Materials provided =>
+ + + +
lemma not_pruned_even_rank_bound:
  assumes "even b" "(j, q) \<notin> pruned (Suc b)"
  shows "\<exists>T. \<forall>l u. reach V j q l u \<longrightarrow> j + T \<le> l \<longrightarrow> dag_rank l u < b"
proof -
  obtain T where T: "\<And>u. \<not> reach (pruned b) j q (j + T) u"
  proof (cases "(j, q) \<in> pruned b")
    case True
    then have "\<not> has_inf_path (pruned b) j q" using assms by (simp add: pruned_Suc_even)
    then show ?thesis using konig that by blast
  next
    case False
    then show ?thesis using that[of 0] reach_endpoints by blast
  qed
  have "dag_rank l u < b" if r: "reach V j q l u" and l: "j + T \<le> l" for l u
  proof (rule ccontr)
    assume "\<not> dag_rank l u < b"
    then have "(l, u) \<in> pruned b" using pruned_iff_le_dag_rank reach_endpoints[OF r] by simp
    then have "reach (pruned b) j q l u" using reach_V_pruned r by blast
    then show False using reach_prefix[of _ j q l u "j + T"] l T by auto
  qed
  then show ?thesis by blast
qed

lemma pruned_acc_path_late:
  assumes "odd a" and p: "(j, p) \<in> pruned (Suc (Suc a))"
  shows "\<exists>\<pi> i. \<pi> 0 = p \<and> inf_path (pruned a) j \<pi> \<and> T \<le> i \<and> \<pi> i \<in> acc A"
proof -
  obtain \<pi>1 where \<pi>1: "\<pi>1 0 = p" "inf_path (pruned (Suc (Suc a))) j \<pi>1"
    using has_inf_path_pruned_odd[OF _ p] \<open>odd a\<close> unfolding has_inf_path_def by auto
  have r1: "reach (pruned (Suc (Suc a))) j p (j + T) (\<pi>1 T)"
    using inf_path_reach[OF \<pi>1(2)] \<pi>1(1) by metis
  then have "(j + T, \<pi>1 T) \<in> pruned (Suc a)" using reach_endpoints pruned_Suc_subset by blast
  then have "\<not> acc_free (pruned a) (j + T) (\<pi>1 T)"
    using \<open>odd a\<close> by (simp add: pruned_Suc_odd)
  then obtain l u where r2: "reach (pruned a) (j + T) (\<pi>1 T) l u" and u: "u \<in> acc A"
    unfolding acc_free_def by blast
  have "reach (pruned a) j p l u"
    using reach_trans[OF r2 reach_mono[OF r1 pruned_antimono]] by simp
  moreover obtain \<pi>2 where \<pi>2: "\<pi>2 0 = u" "inf_path (pruned a) l \<pi>2"
    using has_inf_path_pruned_odd[OF \<open>odd a\<close>] reach_endpoints[OF r2] unfolding has_inf_path_def
    by blast
  ultimately obtain \<pi> where \<pi>: "\<pi> 0 = p" "inf_path (pruned a) j \<pi>" "\<pi> (l - j) = u"
    using reach_inf_path_append by (metis add_0_right)
  moreover have "T \<le> l - j" using reach_endpoints[OF r2] by auto
  ultimately show ?thesis using u by blast
qed

lemma de_sim_odd_dag_rank_le:
  assumes "(j, p) \<in> V" "(j, q) \<in> V" "de_sim A p q" "2 * m + 1 \<le> dag_rank j p"
  shows "2 * m + 1 \<le> dag_rank j q"
  using assms
proof (induction m arbitrary: j p q)
  case 0
  then have "(j, q) \<in> pruned 1" using has_inf_path_V by (simp add: pruned_Suc_even)
  then show ?case using pruned_iff_le_dag_rank[of j q 1] 0 by simp
next
  case (Suc m)
  define a where "a = 2 * m + 1"
  have "odd a" unfolding a_def by simp
  show ?case
  proof (rule ccontr)
    assume "\<not> 2 * Suc m + 1 \<le> dag_rank j q"
    then have "(j, q) \<notin> pruned (Suc (Suc a))"
      using pruned_iff_le_dag_rank[OF Suc.prems(2)] a_def by simp
    then obtain T where T: "\<And>l u. reach V j q l u \<Longrightarrow> j + T \<le> l \<Longrightarrow> dag_rank l u < Suc a"
      using not_pruned_even_rank_bound[of "Suc a" j q] \<open>odd a\<close> by (metis even_Suc)
    have "(j, p) \<in> pruned (Suc (Suc a))"
      using pruned_iff_le_dag_rank[OF Suc.prems(1)] Suc.prems(4) a_def by simp
    then obtain \<pi> i where \<pi>: "\<pi> 0 = p" "inf_path (pruned a) j \<pi>" "T \<le> i" "\<pi> i \<in> acc A"
      using pruned_acc_path_late \<open>odd a\<close> by blast
    obtain \<rho> where \<rho>: "inf_path V j \<rho>" "\<And>k. de_sim A (\<pi> k) (\<rho> k)"
      "\<And>i. \<pi> i \<in> acc A \<Longrightarrow> \<exists>k\<ge>i. \<rho> k \<in> acc A" "\<rho> 0 = q"
      using de_sim_answer_path[OF inf_path_mono[OF \<pi>(2) pruned_subset_V]] \<pi>(1) Suc.prems(2,3)
      by metis
    have "\<rho> k \<notin> acc A" if "T \<le> k" for k
    proof
      assume acc: "\<rho> k \<in> acc A"
      have "(j + k, \<pi> k) \<in> pruned a" using \<pi>(2) unfolding inf_path_def by blast
      then have \<pi>_k: "(j + k, \<pi> k) \<in> V" "a \<le> dag_rank (j + k) (\<pi> k)"
        using pruned_subset_V pruned_iff_le_dag_rank[of "j + k" "\<pi> k" a] by auto
      have \<rho>_k: "(j + k, \<rho> k) \<in> V" "reach V j q (j + k) (\<rho> k)"
        using \<rho>(1) inf_path_reach[OF \<rho>(1), of k] \<rho>(4) unfolding inf_path_def by auto
      have "a \<le> dag_rank (j + k) (\<rho> k)" using Suc.IH[OF \<pi>_k(1) \<rho>_k(1) \<rho>(2)] \<pi>_k(2) a_def by blast
      moreover have "dag_rank (j + k) (\<rho> k) < Suc a" using T \<rho>_k(2) that by simp
      ultimately have "dag_rank (j + k) (\<rho> k) = a" by simp
      then show False using dag_rank_even_acc[OF \<rho>_k(1) acc] \<open>odd a\<close> by simp
    qed
    then show False using \<rho>(3)[OF \<pi>(4)] \<pi>(3) by (meson order_trans)
  qed
qed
+ + + +
Work instructions => Only the lines above that include the word "obtain" belong in the answer; copy each one.

Response to the exercise =>
  obtain T where T: "\<And>u. \<not> reach (pruned b) j q (j + T) u"
  obtain \<pi>1 where \<pi>1: "\<pi>1 0 = p" "inf_path (pruned (Suc (Suc a))) j \<pi>1"
  then obtain l u where r2: "reach (pruned a) (j + T) (\<pi>1 T) l u" and u: "u \<in> acc A"
  moreover obtain \<pi>2 where \<pi>2: "\<pi>2 0 = u" "inf_path (pruned a) l \<pi>2"
  ultimately obtain \<pi> where \<pi>: "\<pi> 0 = p" "inf_path (pruned a) j \<pi>" "\<pi> (l - j) = u"
    then obtain T where T: "\<And>l u. reach V j q l u \<Longrightarrow> j + T \<le> l \<Longrightarrow> dag_rank l u < Suc a"
    then obtain \<pi> i where \<pi>: "\<pi> 0 = p" "inf_path (pruned a) j \<pi>" "T \<le> i" "\<pi> i \<in> acc A"
    obtain \<rho> where \<rho>: "inf_path V j \<rho>" "\<And>k. de_sim A (\<pi> k) (\<rho> k)"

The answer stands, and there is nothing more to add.